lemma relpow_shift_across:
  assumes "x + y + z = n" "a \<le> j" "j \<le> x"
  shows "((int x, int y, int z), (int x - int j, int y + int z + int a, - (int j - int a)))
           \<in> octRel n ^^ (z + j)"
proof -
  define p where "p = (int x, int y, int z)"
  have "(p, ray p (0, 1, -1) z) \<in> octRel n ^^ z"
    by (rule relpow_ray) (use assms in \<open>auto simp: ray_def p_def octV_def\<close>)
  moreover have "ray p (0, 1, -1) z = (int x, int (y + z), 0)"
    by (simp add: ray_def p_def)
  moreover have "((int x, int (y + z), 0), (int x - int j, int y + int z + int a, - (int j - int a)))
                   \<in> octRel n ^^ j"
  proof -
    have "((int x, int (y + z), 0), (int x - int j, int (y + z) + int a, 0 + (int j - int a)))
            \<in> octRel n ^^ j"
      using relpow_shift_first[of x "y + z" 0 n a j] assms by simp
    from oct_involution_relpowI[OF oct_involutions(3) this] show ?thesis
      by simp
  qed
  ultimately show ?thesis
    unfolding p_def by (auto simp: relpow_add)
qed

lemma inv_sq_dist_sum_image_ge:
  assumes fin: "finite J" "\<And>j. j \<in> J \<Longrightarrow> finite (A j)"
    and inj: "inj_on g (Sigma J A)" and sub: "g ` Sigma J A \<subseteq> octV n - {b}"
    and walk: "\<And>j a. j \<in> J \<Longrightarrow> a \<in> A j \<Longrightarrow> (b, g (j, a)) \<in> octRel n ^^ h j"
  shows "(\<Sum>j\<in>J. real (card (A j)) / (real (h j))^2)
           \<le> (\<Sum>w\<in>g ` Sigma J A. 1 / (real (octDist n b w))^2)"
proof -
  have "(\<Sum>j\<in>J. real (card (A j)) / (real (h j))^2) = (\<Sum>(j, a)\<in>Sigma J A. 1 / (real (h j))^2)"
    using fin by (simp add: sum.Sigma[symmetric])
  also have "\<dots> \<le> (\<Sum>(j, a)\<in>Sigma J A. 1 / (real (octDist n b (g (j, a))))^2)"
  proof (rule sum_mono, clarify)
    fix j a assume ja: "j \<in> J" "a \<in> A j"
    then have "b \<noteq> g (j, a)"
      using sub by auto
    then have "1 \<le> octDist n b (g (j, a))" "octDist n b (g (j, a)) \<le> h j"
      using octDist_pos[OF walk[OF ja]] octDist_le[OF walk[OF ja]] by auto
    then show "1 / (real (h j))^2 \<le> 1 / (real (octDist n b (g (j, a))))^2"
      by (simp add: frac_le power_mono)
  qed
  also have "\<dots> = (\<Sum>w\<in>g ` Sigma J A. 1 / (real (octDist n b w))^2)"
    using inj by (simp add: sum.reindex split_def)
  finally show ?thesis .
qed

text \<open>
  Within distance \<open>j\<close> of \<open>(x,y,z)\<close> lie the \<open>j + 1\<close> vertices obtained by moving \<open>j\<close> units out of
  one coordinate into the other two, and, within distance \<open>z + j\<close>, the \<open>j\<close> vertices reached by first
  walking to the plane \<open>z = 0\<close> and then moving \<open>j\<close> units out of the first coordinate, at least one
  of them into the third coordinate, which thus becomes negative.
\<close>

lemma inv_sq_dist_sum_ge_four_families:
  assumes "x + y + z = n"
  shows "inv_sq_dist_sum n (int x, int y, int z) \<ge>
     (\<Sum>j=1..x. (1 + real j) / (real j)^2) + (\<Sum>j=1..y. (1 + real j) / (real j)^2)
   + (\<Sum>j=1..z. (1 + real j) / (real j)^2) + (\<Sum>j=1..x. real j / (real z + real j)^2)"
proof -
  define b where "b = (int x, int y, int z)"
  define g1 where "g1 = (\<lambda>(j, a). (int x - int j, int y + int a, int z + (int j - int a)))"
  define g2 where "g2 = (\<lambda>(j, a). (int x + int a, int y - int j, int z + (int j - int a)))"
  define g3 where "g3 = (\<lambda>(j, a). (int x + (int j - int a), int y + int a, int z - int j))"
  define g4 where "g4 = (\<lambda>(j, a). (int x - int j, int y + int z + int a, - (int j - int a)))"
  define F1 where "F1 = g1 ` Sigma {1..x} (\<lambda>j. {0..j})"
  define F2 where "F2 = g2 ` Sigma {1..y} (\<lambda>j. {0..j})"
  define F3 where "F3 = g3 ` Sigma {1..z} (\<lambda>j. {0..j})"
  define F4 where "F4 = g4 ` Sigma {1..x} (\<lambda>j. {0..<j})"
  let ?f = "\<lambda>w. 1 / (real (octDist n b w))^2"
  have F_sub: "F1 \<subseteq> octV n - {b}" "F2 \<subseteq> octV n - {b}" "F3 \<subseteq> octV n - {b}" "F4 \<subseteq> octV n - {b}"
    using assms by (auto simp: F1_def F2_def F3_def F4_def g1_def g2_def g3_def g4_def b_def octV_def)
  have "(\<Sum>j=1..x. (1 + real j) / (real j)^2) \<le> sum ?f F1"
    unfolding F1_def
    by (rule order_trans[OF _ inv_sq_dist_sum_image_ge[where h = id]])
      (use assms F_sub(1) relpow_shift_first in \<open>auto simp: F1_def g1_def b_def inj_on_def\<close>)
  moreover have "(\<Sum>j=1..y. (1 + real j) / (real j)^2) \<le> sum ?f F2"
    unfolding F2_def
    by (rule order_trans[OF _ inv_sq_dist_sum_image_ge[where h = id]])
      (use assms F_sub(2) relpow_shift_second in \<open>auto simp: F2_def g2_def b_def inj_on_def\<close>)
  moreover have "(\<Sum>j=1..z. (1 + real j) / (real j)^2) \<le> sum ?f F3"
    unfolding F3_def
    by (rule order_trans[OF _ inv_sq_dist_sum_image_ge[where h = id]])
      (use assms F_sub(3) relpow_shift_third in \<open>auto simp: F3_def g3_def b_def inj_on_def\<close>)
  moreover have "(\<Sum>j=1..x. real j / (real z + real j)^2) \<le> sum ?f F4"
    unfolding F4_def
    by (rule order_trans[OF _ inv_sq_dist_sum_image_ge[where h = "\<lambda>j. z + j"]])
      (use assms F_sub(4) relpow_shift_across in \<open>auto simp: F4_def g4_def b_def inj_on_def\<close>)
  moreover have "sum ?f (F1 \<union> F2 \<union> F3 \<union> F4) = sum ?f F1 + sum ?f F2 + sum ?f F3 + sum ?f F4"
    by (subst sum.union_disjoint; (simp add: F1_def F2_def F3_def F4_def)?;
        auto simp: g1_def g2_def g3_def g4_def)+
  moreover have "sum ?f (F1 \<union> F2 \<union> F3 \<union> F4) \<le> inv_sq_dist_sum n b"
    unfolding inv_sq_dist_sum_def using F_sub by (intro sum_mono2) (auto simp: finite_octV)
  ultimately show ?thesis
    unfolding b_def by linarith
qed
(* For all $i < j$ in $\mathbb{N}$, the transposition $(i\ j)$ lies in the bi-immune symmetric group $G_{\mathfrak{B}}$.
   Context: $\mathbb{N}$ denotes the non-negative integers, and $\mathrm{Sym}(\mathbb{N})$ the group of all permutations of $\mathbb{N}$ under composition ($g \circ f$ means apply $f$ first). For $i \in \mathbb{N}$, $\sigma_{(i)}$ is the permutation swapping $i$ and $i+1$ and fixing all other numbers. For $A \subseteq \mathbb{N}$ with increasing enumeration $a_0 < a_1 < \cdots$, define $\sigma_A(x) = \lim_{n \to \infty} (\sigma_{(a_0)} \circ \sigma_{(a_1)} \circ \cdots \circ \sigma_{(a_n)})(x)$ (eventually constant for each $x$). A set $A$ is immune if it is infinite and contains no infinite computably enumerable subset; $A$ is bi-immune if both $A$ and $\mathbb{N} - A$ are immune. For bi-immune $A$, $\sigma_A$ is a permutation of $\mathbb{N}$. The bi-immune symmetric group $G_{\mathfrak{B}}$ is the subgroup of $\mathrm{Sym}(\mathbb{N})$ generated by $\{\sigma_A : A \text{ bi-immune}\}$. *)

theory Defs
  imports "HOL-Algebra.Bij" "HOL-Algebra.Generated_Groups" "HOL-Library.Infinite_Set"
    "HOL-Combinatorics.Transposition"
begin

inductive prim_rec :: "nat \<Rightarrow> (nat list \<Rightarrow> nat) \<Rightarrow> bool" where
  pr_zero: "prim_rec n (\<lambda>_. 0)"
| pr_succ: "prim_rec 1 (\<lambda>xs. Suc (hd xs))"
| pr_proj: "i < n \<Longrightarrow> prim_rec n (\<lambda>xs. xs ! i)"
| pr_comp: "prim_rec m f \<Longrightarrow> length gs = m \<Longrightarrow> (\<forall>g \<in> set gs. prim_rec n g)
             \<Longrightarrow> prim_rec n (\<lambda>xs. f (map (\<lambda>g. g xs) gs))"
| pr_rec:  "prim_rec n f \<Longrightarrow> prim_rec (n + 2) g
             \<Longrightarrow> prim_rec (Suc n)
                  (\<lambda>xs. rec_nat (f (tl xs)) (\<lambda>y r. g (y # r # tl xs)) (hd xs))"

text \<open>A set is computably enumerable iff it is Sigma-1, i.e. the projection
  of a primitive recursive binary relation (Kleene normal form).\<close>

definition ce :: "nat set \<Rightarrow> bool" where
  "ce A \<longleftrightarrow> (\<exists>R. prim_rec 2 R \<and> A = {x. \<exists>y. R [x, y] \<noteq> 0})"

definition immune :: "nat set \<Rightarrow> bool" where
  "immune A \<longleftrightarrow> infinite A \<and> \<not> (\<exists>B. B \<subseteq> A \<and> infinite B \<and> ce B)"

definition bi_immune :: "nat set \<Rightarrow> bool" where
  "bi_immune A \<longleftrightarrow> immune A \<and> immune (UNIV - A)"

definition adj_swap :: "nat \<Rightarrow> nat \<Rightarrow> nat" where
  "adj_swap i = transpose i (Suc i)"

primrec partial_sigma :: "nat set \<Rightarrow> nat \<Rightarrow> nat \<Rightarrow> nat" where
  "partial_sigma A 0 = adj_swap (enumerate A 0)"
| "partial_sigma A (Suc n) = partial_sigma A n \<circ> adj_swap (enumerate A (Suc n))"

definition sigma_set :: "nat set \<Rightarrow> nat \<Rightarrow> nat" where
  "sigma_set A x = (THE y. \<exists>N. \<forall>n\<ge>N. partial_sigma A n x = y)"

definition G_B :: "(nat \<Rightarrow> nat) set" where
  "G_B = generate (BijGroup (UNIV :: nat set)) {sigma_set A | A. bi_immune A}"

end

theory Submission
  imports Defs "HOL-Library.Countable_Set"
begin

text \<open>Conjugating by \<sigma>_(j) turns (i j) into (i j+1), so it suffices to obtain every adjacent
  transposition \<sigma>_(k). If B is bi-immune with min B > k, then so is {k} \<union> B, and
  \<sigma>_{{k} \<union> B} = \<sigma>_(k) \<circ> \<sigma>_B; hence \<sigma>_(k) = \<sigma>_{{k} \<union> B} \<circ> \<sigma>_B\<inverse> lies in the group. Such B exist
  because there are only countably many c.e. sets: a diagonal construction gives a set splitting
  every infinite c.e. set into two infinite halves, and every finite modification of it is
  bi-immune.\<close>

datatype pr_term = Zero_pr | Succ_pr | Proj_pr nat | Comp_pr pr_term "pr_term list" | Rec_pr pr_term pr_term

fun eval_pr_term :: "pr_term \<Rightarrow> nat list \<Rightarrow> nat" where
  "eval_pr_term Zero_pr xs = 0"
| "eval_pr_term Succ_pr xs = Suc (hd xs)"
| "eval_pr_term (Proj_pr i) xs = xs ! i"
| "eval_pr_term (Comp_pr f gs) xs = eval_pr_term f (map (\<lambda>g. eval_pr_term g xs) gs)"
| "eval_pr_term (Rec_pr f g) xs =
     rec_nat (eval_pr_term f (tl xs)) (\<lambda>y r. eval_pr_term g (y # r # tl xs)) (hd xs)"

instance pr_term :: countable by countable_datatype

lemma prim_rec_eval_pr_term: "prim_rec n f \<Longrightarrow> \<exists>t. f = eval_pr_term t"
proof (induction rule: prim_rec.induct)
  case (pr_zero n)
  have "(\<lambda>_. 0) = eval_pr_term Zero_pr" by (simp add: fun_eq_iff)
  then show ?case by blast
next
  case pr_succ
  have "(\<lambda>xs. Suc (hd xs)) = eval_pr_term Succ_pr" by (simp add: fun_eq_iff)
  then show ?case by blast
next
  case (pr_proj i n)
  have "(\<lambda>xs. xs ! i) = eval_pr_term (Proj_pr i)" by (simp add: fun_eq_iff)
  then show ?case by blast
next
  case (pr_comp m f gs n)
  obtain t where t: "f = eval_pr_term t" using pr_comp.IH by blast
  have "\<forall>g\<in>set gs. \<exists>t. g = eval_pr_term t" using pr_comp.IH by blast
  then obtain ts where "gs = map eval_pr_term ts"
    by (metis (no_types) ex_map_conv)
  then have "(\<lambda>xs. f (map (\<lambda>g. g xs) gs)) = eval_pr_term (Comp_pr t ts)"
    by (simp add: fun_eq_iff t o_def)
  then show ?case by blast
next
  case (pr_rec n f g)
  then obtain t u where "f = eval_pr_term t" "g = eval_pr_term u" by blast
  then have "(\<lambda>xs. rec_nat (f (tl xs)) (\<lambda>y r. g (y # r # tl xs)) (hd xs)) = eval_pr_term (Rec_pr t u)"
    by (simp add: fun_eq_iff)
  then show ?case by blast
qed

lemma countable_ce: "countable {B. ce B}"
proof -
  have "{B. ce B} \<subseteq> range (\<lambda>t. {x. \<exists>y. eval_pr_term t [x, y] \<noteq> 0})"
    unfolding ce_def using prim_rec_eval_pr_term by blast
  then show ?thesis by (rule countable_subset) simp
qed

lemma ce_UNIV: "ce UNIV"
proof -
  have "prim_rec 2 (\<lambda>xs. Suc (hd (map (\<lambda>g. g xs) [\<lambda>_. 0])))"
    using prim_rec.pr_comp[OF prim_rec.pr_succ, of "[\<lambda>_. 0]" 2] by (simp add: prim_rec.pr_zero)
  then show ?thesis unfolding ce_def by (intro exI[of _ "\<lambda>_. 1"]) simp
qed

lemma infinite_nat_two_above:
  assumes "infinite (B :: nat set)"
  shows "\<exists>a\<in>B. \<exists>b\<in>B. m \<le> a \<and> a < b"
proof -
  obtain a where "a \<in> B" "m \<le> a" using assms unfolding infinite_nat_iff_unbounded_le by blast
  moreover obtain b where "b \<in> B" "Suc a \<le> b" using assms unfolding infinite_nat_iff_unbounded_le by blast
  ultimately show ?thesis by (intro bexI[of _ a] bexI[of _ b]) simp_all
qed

----------------------------------------

-- AIM OF THE EXERCISE --
Go to the line in the material above that contains "bi-immune.\<close>" and copy exactly from there through the line that contains "(Rec_pr f g)", stopping after it.

-- ANSWER SPACE --
  bi-immune.\<close>

datatype pr_term = Zero_pr | Succ_pr | Proj_pr nat | Comp_pr pr_term "pr_term list" | Rec_pr pr_term pr_term

fun eval_pr_term :: "pr_term \<Rightarrow> nat list \<Rightarrow> nat" where
  "eval_pr_term Zero_pr xs = 0"
| "eval_pr_term Succ_pr xs = Suc (hd xs)"
| "eval_pr_term (Proj_pr i) xs = xs ! i"
| "eval_pr_term (Comp_pr f gs) xs = eval_pr_term f (map (\<lambda>g. eval_pr_term g xs) gs)"
| "eval_pr_term (Rec_pr f g) xs =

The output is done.